In conjunction with the Public Education Association, this school has been conducting a demonstration ever since last September of what an all-day neighborhood school can mean to the surrounding community. The children stay in school until 5:00 o'clock in the afternoon, and there are special teachers assigned for group work in the additional hours.

This school is in a colored section, and so the children chose to do the history of Harlem. Another public school designed all the costumes and made them. The pageant was fressh and vivid and every youngster entered into his or her part with an earnestness which betokened real interest and understanding of the importance of the occasion.

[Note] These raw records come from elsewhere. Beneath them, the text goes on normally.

lemma rt_has_field_derivative:
  "z \<in> quarter_dom \<Longrightarrow> (rt has_field_derivative (-2 / rt z)) (at z)"
  unfolding rt_def
  by (rule has_field_derivative_csqrt'[THEN DERIV_cong])
    (auto intro!: derivative_eq_intros one_minus_4z_notin_nonpos_Reals quarter_dom_norm)

lemma rt_tendsto_0: "(rt \<longlongrightarrow> 0) (at (1/4) within quarter_dom)"
proof -
  have "((\<lambda>z. sqrt (norm (1 - 4 * z))) \<longlongrightarrow> sqrt (norm (1 - 4 * (1/4::complex))))
      (at (1/4) within quarter_dom)"
    by (intro tendsto_intros)
  then have "((\<lambda>z. norm (rt z)) \<longlongrightarrow> 0) (at (1/4) within quarter_dom)"
    by (simp add: rt_def norm_csqrt)
  then show ?thesis by (simp add: tendsto_norm_zero_iff)
qed

inductive_set rt_algebra :: "(complex \<Rightarrow> complex) set" where
  holomorphic: "h holomorphic_on quarter_ball \<Longrightarrow> h \<in> rt_algebra"
| rt: "rt \<in> rt_algebra"
| add: "p \<in> rt_algebra \<Longrightarrow> q \<in> rt_algebra \<Longrightarrow> (\<lambda>z. p z + q z) \<in> rt_algebra"
| mult: "p \<in> rt_algebra \<Longrightarrow> q \<in> rt_algebra \<Longrightarrow> (\<lambda>z. p z * q z) \<in> rt_algebra"

lemma rt_algebra_const: "(\<lambda>z. c) \<in> rt_algebra"
  by (rule rt_algebra.holomorphic) simp

lemma rt_algebra_tendsto: "p \<in> rt_algebra \<Longrightarrow> \<exists>L. (p \<longlongrightarrow> L) (at (1/4) within quarter_dom)"
proof (induction rule: rt_algebra.induct)
  case (add p q)
  then show ?case by (blast intro: tendsto_add)
next
  case (mult p q)
  then show ?case by (blast intro: tendsto_mult)
qed (blast intro: tendsto_quarter_of_holomorphic rt_tendsto_0)+

lemma rt_algebra_deriv:
  "p \<in> rt_algebra \<Longrightarrow> \<exists>q\<in>rt_algebra. \<forall>z\<in>quarter_dom. (p has_field_derivative q z / rt z) (at z)"
proof (induction rule: rt_algebra.induct)
  case (holomorphic h)
  have "open quarter_ball" by (simp add: quarter_ball_def)
  have "(h has_field_derivative deriv h z * rt z / rt z) (at z)" if "z \<in> quarter_dom" for z
  proof -
    have "z \<in> quarter_ball" using that by (simp add: quarter_dom_def)
    then have "(h has_field_derivative deriv h z) (at z)"
      using holomorphic \<open>open quarter_ball\<close> by (rule holomorphic_derivI[rotated 2])
    then show ?thesis using rt_nonzero_quarter_dom[OF that] by simp
  qed
  moreover have "deriv h holomorphic_on quarter_ball"
    using holomorphic \<open>open quarter_ball\<close> by (rule holomorphic_deriv)
  then have "(\<lambda>z. deriv h z * rt z) \<in> rt_algebra"
    by (rule rt_algebra.mult[OF rt_algebra.holomorphic rt_algebra.rt])
  ultimately show ?case by (intro bexI[of _ "\<lambda>z. deriv h z * rt z"] ballI)
next
  case rt
  show ?case
    using rt_has_field_derivative by (intro bexI[of _ "\<lambda>_. -2"] ballI rt_algebra_const) auto
next
  case (add p q)
  then obtain p' q' where p': "p' \<in> rt_algebra" "\<forall>z\<in>quarter_dom. (p has_field_derivative p' z / rt z) (at z)"
    and q': "q' \<in> rt_algebra" "\<forall>z\<in>quarter_dom. (q has_field_derivative q' z / rt z) (at z)"
    by blast
  show ?case
  proof (rule bexI[of _ "\<lambda>z. p' z + q' z"], rule ballI)
    fix z assume "z \<in> quarter_dom"
    then have "((\<lambda>z. p z + q z) has_field_derivative p' z / rt z + q' z / rt z) (at z)"
      using p'(2) q'(2) by (intro DERIV_add) auto
    then show "((\<lambda>z. p z + q z) has_field_derivative (p' z + q' z) / rt z) (at z)"
      by (simp add: add_divide_distrib)
  qed (use p' q' in \<open>intro rt_algebra.add\<close>)
next
  case (mult p q)
  then obtain p' q' where p': "p' \<in> rt_algebra" "\<forall>z\<in>quarter_dom. (p has_field_derivative p' z / rt z) (at z)"
    and q': "q' \<in> rt_algebra" "\<forall>z\<in>quarter_dom. (q has_field_derivative q' z / rt z) (at z)"
    by blast
  show ?case
  proof (rule bexI[of _ "\<lambda>z. p z * q' z + p' z * q z"], rule ballI)
    fix z assume "z \<in> quarter_dom"
    then have "((\<lambda>z. p z * q z) has_field_derivative p' z / rt z * q z + q' z / rt z * p z) (at z)"
      using p'(2) q'(2) by (intro DERIV_mult) auto
    then show "((\<lambda>z. p z * q z) has_field_derivative (p z * q' z + p' z * q z) / rt z) (at z)"
      by (rule DERIV_cong) (simp add: add_divide_distrib algebra_simps)
  qed (use mult p' q' in \<open>intro rt_algebra.add rt_algebra.mult\<close>)
qed

text \<open>\<open>rt_pole f k c\<close> says f(z) = q(z) / sqrt(1 - 4z)^k near 1/4 with q \<in> \<open>rt_algebra\<close> and
  q(z) \<rightarrow> c; for c \<noteq> 0 this means f(z) \<sim> c (1 - 4z)^(-k/2).\<close>
definition rt_pole_le :: "(complex \<Rightarrow> complex) \<Rightarrow> nat \<Rightarrow> bool" where
  "rt_pole_le f k \<longleftrightarrow> (\<exists>q\<in>rt_algebra. \<forall>z\<in>quarter_dom. f z = q z / rt z ^ k)"

definition rt_pole :: "(complex \<Rightarrow> complex) \<Rightarrow> nat \<Rightarrow> complex \<Rightarrow> bool" where
  "rt_pole f k c \<longleftrightarrow> (\<exists>q\<in>rt_algebra. (\<forall>z\<in>quarter_dom. f z = q z / rt z ^ k)
                        \<and> (q \<longlongrightarrow> c) (at (1/4) within quarter_dom))"

lemma rt_pole_imp_rt_pole_le: "rt_pole f k c \<Longrightarrow> rt_pole_le f k"
  unfolding rt_pole_def rt_pole_le_def by blast

lemma rt_pole_le_imp_rt_pole_Suc: "rt_pole_le f k \<Longrightarrow> rt_pole f (Suc k) 0"
proof -
  assume "rt_pole_le f k"
  then obtain q where q: "q \<in> rt_algebra" "\<forall>z\<in>quarter_dom. f z = q z / rt z ^ k"
    by (auto simp: rt_pole_le_def)
  obtain L where "(q \<longlongrightarrow> L) (at (1/4) within quarter_dom)"
    using rt_algebra_tendsto[OF q(1)] by blast
  then have "((\<lambda>z. q z * rt z) \<longlongrightarrow> L * 0) (at (1/4) within quarter_dom)"
    by (intro tendsto_mult rt_tendsto_0)
  then show ?thesis unfolding rt_pole_def using q rt_nonzero_quarter_dom
    by (intro bexI[of _ "\<lambda>z. q z * rt z"] conjI rt_algebra.mult rt_algebra.rt) auto
qed

lemma rt_pole_cong: "rt_pole f k c \<Longrightarrow> (\<And>z. z \<in> quarter_dom \<Longrightarrow> f z = g z) \<Longrightarrow> rt_pole g k c"
  unfolding rt_pole_def by auto

lemma rt_pole_le_cong:
  "rt_pole_le f k \<Longrightarrow> (\<And>z. z \<in> quarter_dom \<Longrightarrow> f z = g z) \<Longrightarrow> rt_pole_le g k"
  unfolding rt_pole_le_def by auto

lemma rt_pole_add: "rt_pole f k a \<Longrightarrow> rt_pole g k b \<Longrightarrow> rt_pole (\<lambda>z. f z + g z) k (a + b)"
  unfolding rt_pole_def
  by (elim bexE conjE, rule_tac x="\<lambda>z. qa z + q z" in bexI)
    (auto intro: tendsto_add rt_algebra.add simp: add_divide_distrib add.commute)

lemma rt_pole_mult: "rt_pole f j a \<Longrightarrow> rt_pole g k b \<Longrightarrow> rt_pole (\<lambda>z. f z * g z) (j + k) (a * b)"
  unfolding rt_pole_def
  by (elim bexE conjE, rule_tac x="\<lambda>z. qa z * q z" in bexI)
    (auto intro: tendsto_mult rt_algebra.mult simp: power_add mult.commute)

lemma rt_pole_sum:
  "finite A \<Longrightarrow> (\<And>x. x \<in> A \<Longrightarrow> rt_pole (f x) k (c x))
     \<Longrightarrow> rt_pole (\<lambda>z. \<Sum>x\<in>A. f x z) k (\<Sum>x\<in>A. c x)"
proof (induction A rule: finite_induct)
  case empty
  show ?case unfolding rt_pole_def by (auto intro!: bexI[of _ "\<lambda>_. 0"] rt_algebra_const)
qed (auto intro: rt_pole_add)

lemma rt_pole_holomorphic_mult:
  assumes "h holomorphic_on quarter_ball" "rt_pole f k a"
  shows "rt_pole (\<lambda>z. h z * f z) k (h (1/4) * a)"
proof -
  have "rt_pole h 0 (h (1/4))"
    unfolding rt_pole_def using assms(1) tendsto_quarter_of_holomorphic
    by (intro bexI[of _ h]) (auto intro: rt_algebra.holomorphic)
  from rt_pole_mult[OF this assms(2)] show ?thesis by simp
qed

lemma rt_pole_le_holomorphic_mult:
  "h holomorphic_on quarter_ball \<Longrightarrow> rt_pole_le f k \<Longrightarrow> rt_pole_le (\<lambda>z. h z * f z) k"
  unfolding rt_pole_le_def
  by (elim bexE, rule_tac x="\<lambda>z. h z * q z" in bexI) (auto intro: rt_algebra.mult rt_algebra.holomorphic)

lemma rt_pole_div_rt:
  assumes "rt_pole (\<lambda>z. rt z * f z) k c"
  shows "rt_pole f (Suc k) c"
proof -
  obtain q where q: "q \<in> rt_algebra" "\<forall>z\<in>quarter_dom. rt z * f z = q z / rt z ^ k"
    "(q \<longlongrightarrow> c) (at (1/4) within quarter_dom)"
    using assms by (auto simp: rt_pole_def)
  have "f z = q z / rt z ^ Suc k" if "z \<in> quarter_dom" for z
    using bspec[OF q(2) that] rt_nonzero_quarter_dom[OF that] by (simp add: field_simps)
  then show ?thesis unfolding rt_pole_def using q(1,3) by blast
qed

lemma rt_pole_tendsto:
  assumes "rt_pole f k c"
  shows "((\<lambda>z. f z * rt z ^ k) \<longlongrightarrow> c) (at (1/4) within quarter_dom)"
proof -
  obtain q where q: "\<forall>z\<in>quarter_dom. f z = q z / rt z ^ k" "(q \<longlongrightarrow> c) (at (1/4) within quarter_dom)"
    using assms by (auto simp: rt_pole_def)
  have "eventually (\<lambda>z. q z = f z * rt z ^ k) (at (1/4) within quarter_dom)"
    unfolding eventually_at_filter using q(1) rt_nonzero_quarter_dom by (auto intro!: always_eventually)
  from tendsto_cong[OF this] q(2) show ?thesis by simp
qed
lemma loewner_ge_scaleR_right_of_bounds:
  fixes M N :: "real^'n^'n"
  assumes "transpose M = M" "transpose N = N" "M *v 1 = 0" "N *v 1 = 0"
    and lower: "\<And>y. y \<bullet> 1 = 0 \<Longrightarrow> a * (y \<bullet> y) \<le> y \<bullet> (M *v y)"
    and upper: "\<And>y. y \<bullet> 1 = 0 \<Longrightarrow> y \<bullet> (N *v y) \<le> b * (y \<bullet> y)"
    and "0 \<le> a" "0 \<le> b"
  shows "loewner_ge M ((a / b) *\<^sub>R N)"
proof (rule loewner_ge_if_centered)
  fix y :: "real^'n"
  assume "y \<bullet> 1 = 0"
  have "a / b * (y \<bullet> (N *v y)) \<le> a * (y \<bullet> y)"
  proof (cases "b = 0")
    case False
    then have "a / b * (y \<bullet> (N *v y)) \<le> a / b * (b * (y \<bullet> y))"
      using upper[OF \<open>y \<bullet> 1 = 0\<close>] \<open>0 \<le> a\<close> \<open>0 \<le> b\<close> by (intro mult_left_mono) auto
    with False show ?thesis by simp
  qed (simp add: \<open>0 \<le> a\<close>)
  with lower[OF \<open>y \<bullet> 1 = 0\<close>] show "y \<bullet> ((a / b) *\<^sub>R N *v y) \<le> y \<bullet> (M *v y)"
    by (simp add: scaleR_matrix_vector_assoc[symmetric])
qed (use assms in \<open>simp_all add: transpose_scalar scaleR_matrix_vector_assoc[symmetric]\<close>)
(* Let $n\ge2$ and let $f:\mathbb{R}\to\mathbb{R}$ be a transcendental entire function, $f(z)=\sum_{j\ge0}c_jz^j$ with real $c_j$ and infinite radius of convergence. Then its extension $\mathfrak{f}(A)=\sum_{j\ge0}c_jA^j$ on $\mathbb{R}^{n\times n}$ does not have the Maillet property, i.e. there exists $A\in\mathscr{L}_{n,n}$ with $\mathfrak{f}(A)\notin\mathscr{L}_{n,n}$.
   Context: A function $f$ is transcendental if $P(z,f(z))\not\equiv0$ for every nonzero polynomial $P(X,Y)\in\mathbb{C}[X,Y]$. $\Vert\cdot\Vert$ is the supremum norm; a real $m\times n$ matrix $A$ is a Liouville matrix if $A\mathbf{q}-\mathbf{p}\neq\mathbf{0}$ for all nonzero $(\mathbf{q},\mathbf{p})\in\mathbb{Z}^n\times\mathbb{Z}^m$ and for every $N$ there exist $\mathbf{p}\in\mathbb{Z}^m$, $\mathbf{q}\in\mathbb{Z}^n\setminus\{\mathbf{0}\}$ with $\Vert A\mathbf{q}-\mathbf{p}\Vert<\Vert\mathbf{q}\Vert^{-N}$; $\mathscr{L}_{m,n}$ is the set of these. A matrix function $\mathfrak{f}$ has the Maillet property (in dimension $n$) if $\mathfrak{f}(\mathscr{L}_{n,n})\subseteq\mathscr{L}_{n,n}$. *)

theory Defs
  imports "HOL-Analysis.Analysis" "HOL-Computational_Algebra.Polynomial"
begin

definition supnorm :: "real ^ 'n \<Rightarrow> real" where
  "supnorm x = Max (range (\<lambda>i. \<bar>x $ i\<bar>))"

definition int_vec :: "real ^ 'n \<Rightarrow> bool" where
  "int_vec x \<longleftrightarrow> (\<forall>i. x $ i \<in> \<int>)"

text \<open>Liouville matrices (real m x n matrices, rows indexed by 'm, columns by 'n).\<close>
definition liouville_matrix :: "real ^ 'n ^ 'm \<Rightarrow> bool" where
  "liouville_matrix A \<longleftrightarrow>
     (\<forall>q p. int_vec q \<and> int_vec p \<and> (q \<noteq> 0 \<or> p \<noteq> 0) \<longrightarrow> A *v q - p \<noteq> 0) \<and>
     (\<forall>N::nat. \<exists>p q. int_vec p \<and> int_vec q \<and> q \<noteq> 0 \<and>
        supnorm (A *v q - p) < 1 / supnorm q ^ N)"

primrec mat_pow :: "real ^ 'n ^ 'n \<Rightarrow> nat \<Rightarrow> real ^ 'n ^ 'n" where
  "mat_pow A 0 = mat 1"
| "mat_pow A (Suc k) = A ** mat_pow A k"

definition mat_fun :: "(nat \<Rightarrow> real) \<Rightarrow> real ^ 'n ^ 'n \<Rightarrow> real ^ 'n ^ 'n" where
  "mat_fun c A = (\<Sum>j. c j *\<^sub>R mat_pow A j)"

definition entire_fun :: "(nat \<Rightarrow> real) \<Rightarrow> complex \<Rightarrow> complex" where
  "entire_fun c z = (\<Sum>j. complex_of_real (c j) * z ^ j)"

text \<open>Transcendence: a bivariate polynomial P in C[X,Y] is represented as a polynomial
  in Y with coefficients in C[X]; P(z, f z) = 0 identically forces P = 0.\<close>
definition transcendental_fun :: "(complex \<Rightarrow> complex) \<Rightarrow> bool" where
  "transcendental_fun f \<longleftrightarrow>
     (\<forall>P :: complex poly poly. P \<noteq> 0 \<longrightarrow>
        \<not> (\<forall>z. poly (map_poly (\<lambda>q. poly q z) P) (f z) = 0))"

end

theory Submission
  imports Defs "HOL-Complex_Analysis.Conformal_Mappings"
begin

text \<open>Take \<open>A\<close> lower triangular with diagonal \<open>(\<xi>, L, \<dots>, L)\<close> and a single off-diagonal
  entry \<open>s\<close>. Then \<open>f(A)\<close> has the same shape, with diagonal \<open>(f \<xi>, f L, \<dots>, f L)\<close> and
  off-diagonal entry the divided difference \<open>s (f \<xi> - f L) / (\<xi> - L)\<close>. Since \<open>f\<close> is
  nonconstant on the reals we may choose \<open>\<xi>\<close> with \<open>f \<xi>\<close> rational, and \<open>s\<close> such that the
  off-diagonal entry of \<open>f(A)\<close> is \<open>1\<close>; then \<open>f(A)\<close> has a rational column and maps a
  nonzero integer vector to an integer vector, so it is not Liouville.

  On the other hand \<open>A\<close> is Liouville as soon as \<open>L\<close> has rational approximations of every
  order and \<open>1, s, L\<close> are linearly independent over \<open>\<rat>\<close>. For \<open>s = (\<xi> - L)/(f \<xi> - f L)\<close>
  independence says that \<open>L\<close> avoids the real zeros of the countably many functions
  \<open>q\<^sub>1 (\<xi> - x) + (f \<xi> - f x) (q\<^sub>2 x - m)\<close>. These are of the form \<open>P(x, f x)\<close> with
  \<open>P \<noteq> 0\<close>, hence nonzero entire functions by transcendence of \<open>f\<close>, so their real zero
  sets are closed and nowhere dense, and Baire's theorem provides \<open>L\<close>.\<close>

definition poly2 :: "'a::comm_semiring_0 poly poly \<Rightarrow> 'a \<Rightarrow> 'a \<Rightarrow> 'a" where
  "poly2 P x y = poly (map_poly (\<lambda>q. poly q x) P) y"

lemma poly2_0 [simp]: "poly2 0 x y = 0"
  by (simp add: poly2_def)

These youngsters will never forget the parts they played, and it must be beneficial for them to acquire such a clear understanding of the growth of their city and of their own group within that city.

I went straight from the school to see Mrs. Henry Morgenthau, Jr., at the hospital and left in the afternoon for Washington.

Arrived in Washington, we had a very happy family reunion, for my aunt and uncle, Mr. and Mrs. David Gray, are here from Dublin, Ireland, and our daughter-in-law, Mrs. Elliott Roosevelt, arrived on business. I take my hat off to all these young women who carry on their husbands' affairs while they are gone.

Many of them will be happy indeed to shed business cares in the future, but the training they have had will always be of value and give them a sense of independence if the need ever arises to go to work again. I think it is good for children also, to realize that their mothers are doing unusual tasks during this war period and that they have an obligation to take on more responsibilities to make these tasks possible.

If your mother isn't always there to remind you to put on your rubbers and to eat your supper, it is your war job to put on your rubbers and eat your supper all by yourself. Put in that light, many a youngster will take far more interest in this new type of responsibility, which is an avenue through which he can express his patriotism.

E.R.

(COPYRIGHT, 1943, BY UNITED FEATURE SYNDICATE, INC.)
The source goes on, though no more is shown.